[Opening Data in this exercise section]

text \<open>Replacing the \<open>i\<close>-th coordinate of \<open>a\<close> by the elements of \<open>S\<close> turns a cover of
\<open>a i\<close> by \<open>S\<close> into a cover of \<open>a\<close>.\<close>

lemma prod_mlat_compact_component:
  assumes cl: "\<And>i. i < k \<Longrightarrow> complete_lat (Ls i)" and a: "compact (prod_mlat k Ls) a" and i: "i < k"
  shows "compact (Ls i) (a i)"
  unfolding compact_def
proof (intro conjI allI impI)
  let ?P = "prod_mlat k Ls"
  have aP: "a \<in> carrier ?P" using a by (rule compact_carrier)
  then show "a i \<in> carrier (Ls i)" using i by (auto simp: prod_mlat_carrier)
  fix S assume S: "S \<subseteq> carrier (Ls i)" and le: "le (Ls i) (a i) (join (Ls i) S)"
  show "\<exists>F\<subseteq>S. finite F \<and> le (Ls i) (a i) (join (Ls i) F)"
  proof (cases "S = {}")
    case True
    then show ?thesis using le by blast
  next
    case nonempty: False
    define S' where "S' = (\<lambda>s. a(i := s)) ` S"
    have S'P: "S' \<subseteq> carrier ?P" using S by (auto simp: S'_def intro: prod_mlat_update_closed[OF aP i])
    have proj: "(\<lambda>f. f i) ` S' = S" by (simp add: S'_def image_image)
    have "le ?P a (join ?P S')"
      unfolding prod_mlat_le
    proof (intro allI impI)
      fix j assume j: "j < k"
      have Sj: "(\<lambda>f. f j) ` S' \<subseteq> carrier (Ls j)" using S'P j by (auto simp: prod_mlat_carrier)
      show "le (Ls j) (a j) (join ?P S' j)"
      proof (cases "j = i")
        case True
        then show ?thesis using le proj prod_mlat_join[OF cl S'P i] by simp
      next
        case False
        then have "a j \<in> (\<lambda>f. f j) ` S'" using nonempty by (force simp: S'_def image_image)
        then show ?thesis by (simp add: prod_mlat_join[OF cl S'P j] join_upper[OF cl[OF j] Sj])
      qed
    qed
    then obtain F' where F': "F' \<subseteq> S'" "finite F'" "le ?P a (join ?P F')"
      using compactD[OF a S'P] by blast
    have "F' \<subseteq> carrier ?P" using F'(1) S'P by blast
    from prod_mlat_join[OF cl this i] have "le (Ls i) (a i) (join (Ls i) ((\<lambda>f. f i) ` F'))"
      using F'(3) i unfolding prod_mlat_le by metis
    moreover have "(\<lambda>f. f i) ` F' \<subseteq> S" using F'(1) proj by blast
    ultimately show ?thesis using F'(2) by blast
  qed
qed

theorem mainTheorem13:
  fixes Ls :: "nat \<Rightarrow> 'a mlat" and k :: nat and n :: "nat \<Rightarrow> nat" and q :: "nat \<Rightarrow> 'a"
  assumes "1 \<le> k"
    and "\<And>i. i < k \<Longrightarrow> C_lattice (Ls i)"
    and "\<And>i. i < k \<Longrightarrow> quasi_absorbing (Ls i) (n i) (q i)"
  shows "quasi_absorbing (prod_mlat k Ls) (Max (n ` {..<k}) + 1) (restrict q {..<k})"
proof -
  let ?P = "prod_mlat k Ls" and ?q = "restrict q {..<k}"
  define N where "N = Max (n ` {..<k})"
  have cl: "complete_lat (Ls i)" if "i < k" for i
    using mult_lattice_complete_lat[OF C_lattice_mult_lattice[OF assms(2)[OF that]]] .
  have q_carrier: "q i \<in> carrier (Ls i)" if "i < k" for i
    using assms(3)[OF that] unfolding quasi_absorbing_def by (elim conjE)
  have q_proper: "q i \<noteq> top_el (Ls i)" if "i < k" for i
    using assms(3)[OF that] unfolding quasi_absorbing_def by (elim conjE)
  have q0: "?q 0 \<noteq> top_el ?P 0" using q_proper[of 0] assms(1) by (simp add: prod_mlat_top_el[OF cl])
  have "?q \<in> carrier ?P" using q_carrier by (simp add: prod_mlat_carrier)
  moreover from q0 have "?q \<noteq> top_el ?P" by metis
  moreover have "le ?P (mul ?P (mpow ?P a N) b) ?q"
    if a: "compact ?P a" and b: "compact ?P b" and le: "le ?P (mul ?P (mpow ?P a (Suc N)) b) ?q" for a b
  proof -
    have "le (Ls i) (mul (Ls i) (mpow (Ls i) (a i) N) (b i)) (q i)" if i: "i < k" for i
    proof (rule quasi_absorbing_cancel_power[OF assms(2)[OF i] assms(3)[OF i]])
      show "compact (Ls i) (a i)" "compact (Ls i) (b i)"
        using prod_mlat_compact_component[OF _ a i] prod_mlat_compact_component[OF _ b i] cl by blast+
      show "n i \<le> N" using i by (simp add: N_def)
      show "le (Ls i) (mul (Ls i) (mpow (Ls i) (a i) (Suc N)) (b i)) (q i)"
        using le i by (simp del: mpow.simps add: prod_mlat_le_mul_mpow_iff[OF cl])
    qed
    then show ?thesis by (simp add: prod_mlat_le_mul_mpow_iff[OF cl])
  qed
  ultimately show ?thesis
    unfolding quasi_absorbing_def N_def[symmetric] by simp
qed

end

[Closing Data in this exercise section]
[Opening Data in this exercise section]

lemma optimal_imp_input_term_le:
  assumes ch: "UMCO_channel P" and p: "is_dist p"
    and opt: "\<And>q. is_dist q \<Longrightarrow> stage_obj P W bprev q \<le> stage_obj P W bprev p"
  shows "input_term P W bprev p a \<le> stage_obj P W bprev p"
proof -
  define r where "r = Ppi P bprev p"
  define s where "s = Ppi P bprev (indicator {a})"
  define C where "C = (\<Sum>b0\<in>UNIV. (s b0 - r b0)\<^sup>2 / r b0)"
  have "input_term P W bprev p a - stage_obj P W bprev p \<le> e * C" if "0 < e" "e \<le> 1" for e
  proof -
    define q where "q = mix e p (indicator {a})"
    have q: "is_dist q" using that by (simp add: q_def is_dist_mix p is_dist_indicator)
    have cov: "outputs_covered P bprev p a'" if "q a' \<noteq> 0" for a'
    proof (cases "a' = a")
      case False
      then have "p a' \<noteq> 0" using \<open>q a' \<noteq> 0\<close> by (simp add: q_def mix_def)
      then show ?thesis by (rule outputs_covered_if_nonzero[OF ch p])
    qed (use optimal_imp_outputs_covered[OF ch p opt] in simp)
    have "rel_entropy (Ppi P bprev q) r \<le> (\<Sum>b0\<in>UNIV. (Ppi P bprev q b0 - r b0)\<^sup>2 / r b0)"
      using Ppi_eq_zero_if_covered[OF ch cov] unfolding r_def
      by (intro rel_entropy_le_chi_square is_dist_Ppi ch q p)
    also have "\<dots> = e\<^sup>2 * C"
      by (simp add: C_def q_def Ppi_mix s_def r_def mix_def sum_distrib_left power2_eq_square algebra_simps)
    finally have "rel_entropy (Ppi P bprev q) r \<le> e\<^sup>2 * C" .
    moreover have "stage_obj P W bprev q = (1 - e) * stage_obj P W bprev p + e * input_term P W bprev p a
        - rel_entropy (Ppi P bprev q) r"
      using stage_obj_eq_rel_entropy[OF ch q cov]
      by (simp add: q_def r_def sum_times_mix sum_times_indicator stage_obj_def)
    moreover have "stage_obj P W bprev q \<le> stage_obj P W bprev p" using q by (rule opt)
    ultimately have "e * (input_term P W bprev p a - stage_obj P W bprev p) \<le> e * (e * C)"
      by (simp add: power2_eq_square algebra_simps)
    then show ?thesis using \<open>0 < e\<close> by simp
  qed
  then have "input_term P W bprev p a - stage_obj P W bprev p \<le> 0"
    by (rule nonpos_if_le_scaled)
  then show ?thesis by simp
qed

[Closing Data in this exercise section]

### What you should do
In the listing, find every line with the word "Longrightarrow" and return it.

### Result of the exercise
  assumes cl: "\<And>i. i < k \<Longrightarrow> complete_lat (Ls i)" and a: "compact (prod_mlat k Ls) a" and i: "i < k"
    and "\<And>i. i < k \<Longrightarrow> C_lattice (Ls i)"
    and "\<And>i. i < k \<Longrightarrow> quasi_absorbing (Ls i) (n i) (q i)"
    and opt: "\<And>q. is_dist q \<Longrightarrow> stage_obj P W bprev q \<le> stage_obj P W bprev p"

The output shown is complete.